The term intellectual disability covers a wide range of clinical conditions, some with well-defined causes and others that remain unexplained. For example, Down syndrome results from an extra copy of chromosome 21, while Rett syndrome is often linked to mutations in the MeCP2 gene, a critical regulatory switch. Many autism spectrum disorders and other intellectual disabilities, however, lack a clear genetic explanation.
New research led by Manel Esteller, director of the Epigenetics and Cancer Biology Program (PEBC) at the Bellvitge Biomedical Research Institute (IDIBELL), ICREA researcher, and Professor of Genetics at the University of Barcelona, identifies a previously unrecognized mechanism that helps explain some of these unexplained cases. Published in the journal Genetics in Medicine, the study reports discovery of mutations in an epigenetic regulator that are implicated in certain cases of intellectual disability, autism spectrum disorders, and atypical Rett syndrome.
Esteller and colleagues analyzed the genomes of 215 patients diagnosed with intellectual disability, autism, or Rett syndrome who previously showed no genetic alterations in the genes typically associated with those disorders. Their goal was to find molecular causes that standard diagnostic screens had missed. Through comprehensive mutational and functional analysis, the team identified a new gene implicated in a subset of these conditions.
Specifically, the study highlights JMJD1C (Jumonji Domain Containing 1C), an epigenetic regulator whose normal role is to control the activity of other genes by modifying chromatin. Mutations in JMJD1C were found in a small but significant subset of patients whose conditions had no previously known genetic cause. These low-frequency but functionally impactful mutations suggest that many rare genetic disruptions across a broad set of regulatory genes may underlie unexplained intellectual disability and related neurodevelopmental disorders.
According to Esteller, “Only a small percentage of unexplained intellectual disability is due to mutations in this single gene, but identifying JMJD1C demonstrates that rare mutations in epigenetic regulators can be causal. The gene also interacts with MeCP2, indicating it may contribute to atypical forms of Rett syndrome.”
Funding: The study was supported by the European Union, Catalan and Spanish Rett syndrome associations, crowdfunding through Verkami, and the Daniel Bravo and Finestrelles Foundations, reflecting strong civil society engagement in scientific research.
Source: IDIBELL (Bellvitge Biomedical Research Institute)

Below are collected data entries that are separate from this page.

lemma maximizer_pair_bridge_swap:
  assumes "\<pi> \<noteq> \<pi>'"
  shows "bridge_swap n \<pi> \<pi>'"
proof -
  have perm: "\<pi> permutes {1..n}" using in_S_J S_J_permutes by blast
  obtain y z where yz: "y \<in> {1..n}" "z \<in> {1..n}" and less: "\<pi> z < \<pi> y"
    and \<pi>': "\<pi>' = \<pi> \<circ> Transposition.transpose y z" and w: "w y = w z"
    using maximizer_pair_swap[OF assms] by blast
  have swap: "\<pi>' = Transposition.transpose (\<pi> z) (\<pi> y) \<circ> \<pi>"
    using transpose_comp_eq[OF permutes_bij[OF perm]] permutes_inverses(2)[OF perm] \<pi>'
    by (simp add: transpose_commute)
  moreover have "\<pi> j = j \<and> \<pi>' j = j" if "\<pi> z < j" "j < \<pi> y" for j
    using maximizer_pair_fixes_between[OF yz \<pi>' w that] that swap by auto
  moreover have "\<pi> y \<in> {1..n}" "\<pi> z \<in> {1..n}"
    using yz permutes_in_image[OF perm] by auto
  ultimately show ?thesis
    unfolding bridge_swap_def using less by blast
qed

end

section \<open>A functional maximized exactly at a bridge swap\<close>

lemma sum_card_lower_bound:
  fixes B :: "nat set"
  assumes "finite B" "0 \<notin> B"
  shows "\<Sum>{1..card B} \<le> \<Sum>B \<and> (\<Sum>B = \<Sum>{1..card B} \<longrightarrow> B = {1..card B})"
  using assms
proof (induction "card B" arbitrary: B)
  case 0
  then show ?case by simp
next
  case (Suc k)
  define m where "m = Max B"
  have "B \<noteq> {}" using Suc.hyps(2) by auto
  then have "m \<in> B" using Suc.prems by (simp add: m_def)
  have card: "card (B - {m}) = k" using Suc.hyps(2) \<open>m \<in> B\<close> Suc.prems by simp
  have IH: "\<Sum>{1..k} \<le> \<Sum>(B - {m}) \<and> (\<Sum>(B - {m}) = \<Sum>{1..k} \<longrightarrow> B - {m} = {1..k})"
    using Suc.hyps(1)[of "B - {m}"] card Suc.prems by auto
  have "B \<subseteq> {1..m}"
  proof
    fix x assume "x \<in> B"
    then have "x \<noteq> 0" "x \<le> m"
      using Suc.prems by (metis, simp add: m_def)
    then show "x \<in> {1..m}" by simp
  qed
  then have "Suc k \<le> m" using card_mono[of "{1..m}" B] Suc.hyps(2) by simp
  have sum_B: "\<Sum>B = m + \<Sum>(B - {m})" using Suc.prems \<open>m \<in> B\<close> by (simp add: sum.remove)
  show ?case
  proof
    show "\<Sum>{1..card B} \<le> \<Sum>B"
      using IH \<open>Suc k \<le> m\<close> sum_B Suc.hyps(2)[symmetric] by simp
    show "\<Sum>B = \<Sum>{1..card B} \<longrightarrow> B = {1..card B}"
    proof
      assume "\<Sum>B = \<Sum>{1..card B}"
      then have "m = Suc k" "\<Sum>(B - {m}) = \<Sum>{1..k}"
        using IH \<open>Suc k \<le> m\<close> sum_B Suc.hyps(2)[symmetric] by simp_all
      then have "B = insert (Suc k) {1..k}" using IH \<open>m \<in> B\<close> by auto
      then show "B = {1..card B}" using Suc.hyps(2)[symmetric] by auto
    qed
  qed
qed

definition sublevel :: "nat \<Rightarrow> (nat \<Rightarrow> nat) \<Rightarrow> nat \<Rightarrow> nat set" where
  "sublevel n p t = {x \<in> {1..n}. p x \<le> t}"

lemma image_sublevel:
  assumes "p permutes {1..n}" "t \<le> n"
  shows "p ` sublevel n p t = {1..t}"
proof
  show "p ` sublevel n p t \<subseteq> {1..t}"
  proof
    fix v assume "v \<in> p ` sublevel n p t"
    then obtain x where x: "x \<in> sublevel n p t" "v = p x" by (rule imageE) simp
    then have "x \<in> {1..n}" "p x \<le> t" by (simp_all add: sublevel_def)
    then have "p x \<in> {1..n}" using permutes_in_image[OF assms(1)] by blast
    then show "v \<in> {1..t}" using x(2) \<open>p x \<le> t\<close> by simp
  qed
  show "{1..t} \<subseteq> p ` sublevel n p t"
  proof
    fix v assume v: "v \<in> {1..t}"
    then have "v \<in> p ` {1..n}" using assms(2) permutes_image[OF assms(1)] by simp
    then obtain x where x: "x \<in> {1..n}" "v = p x" by (rule imageE) simp
    then show "v \<in> p ` sublevel n p t"
      using v by (intro image_eqI[of v p x]) (auto simp: sublevel_def)
  qed
qed

lemma sum_sublevel_eq:
  assumes "\<sigma> permutes {1..n}" "\<sigma> ` sublevel n p t = {1..t}"
  shows "(\<Sum>x\<in>sublevel n p t. \<sigma> x) = \<Sum>{1..t}"
proof -
  have "inj_on \<sigma> (sublevel n p t)"
    using permutes_inj[OF assms(1)] by (auto intro: inj_on_subset)
  then show ?thesis using sum.reindex[of \<sigma> "sublevel n p t" id] assms(2) by simp
qed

Image Credit: Public domain image
Original Research: “Mutations in JMJD1C are involved in Rett syndrome and intellectual disability” by Mauricio A. Sáez et al., published in Genetics in Medicine on July 16, 2015. DOI: 10.1038/gim.2015.100
Abstract
Mutations in JMJD1C are involved in Rett syndrome and intellectual disability
Purpose:
Autism spectrum disorders and many intellectual disabilities frequently involve deficits in social interaction and communication. Rett syndrome is an example in which epilepsy, motor impairment, and other neurological symptoms co-occur. Mutations in histone demethylases and other epigenetic regulators have been linked to several neurodevelopmental syndromes. This study aimed to determine whether mutations in the candidate histone demethylase JMJD1C (jumonji domain containing 1C) are implicated in these disorders.
Methods:
The researchers performed mutational screening and functional analyses of JMJD1C in a cohort of 215 individuals with autism spectrum disorders, intellectual disability, or Rett syndrome who had no previously identified genetic defect.
Results:
Seven JMJD1C variants were identified that were absent from control databases of roughly 6,000 samples and that produced amino acid substitutions altering functional biochemical groups. Among these, two de novo germline mutations in JMJD1C were discovered: one in a patient with Rett syndrome and another in a patient with intellectual disability. Functional characterization of the mutant JMJD1C protein from the Rett syndrome case revealed abnormal subcellular localization, reduced demethylation activity toward the DNA damage–response protein MDC1, and diminished interaction with MECP2. The study confirmed JMJD1C is broadly expressed across brain regions and that its depletion impairs dendritic development and neuronal function.
Conclusions:
The data indicate that rare mutations in JMJD1C contribute to the development of Rett syndrome and intellectual disability, supporting a broader role for epigenetic regulation in neurodevelopmental disorders.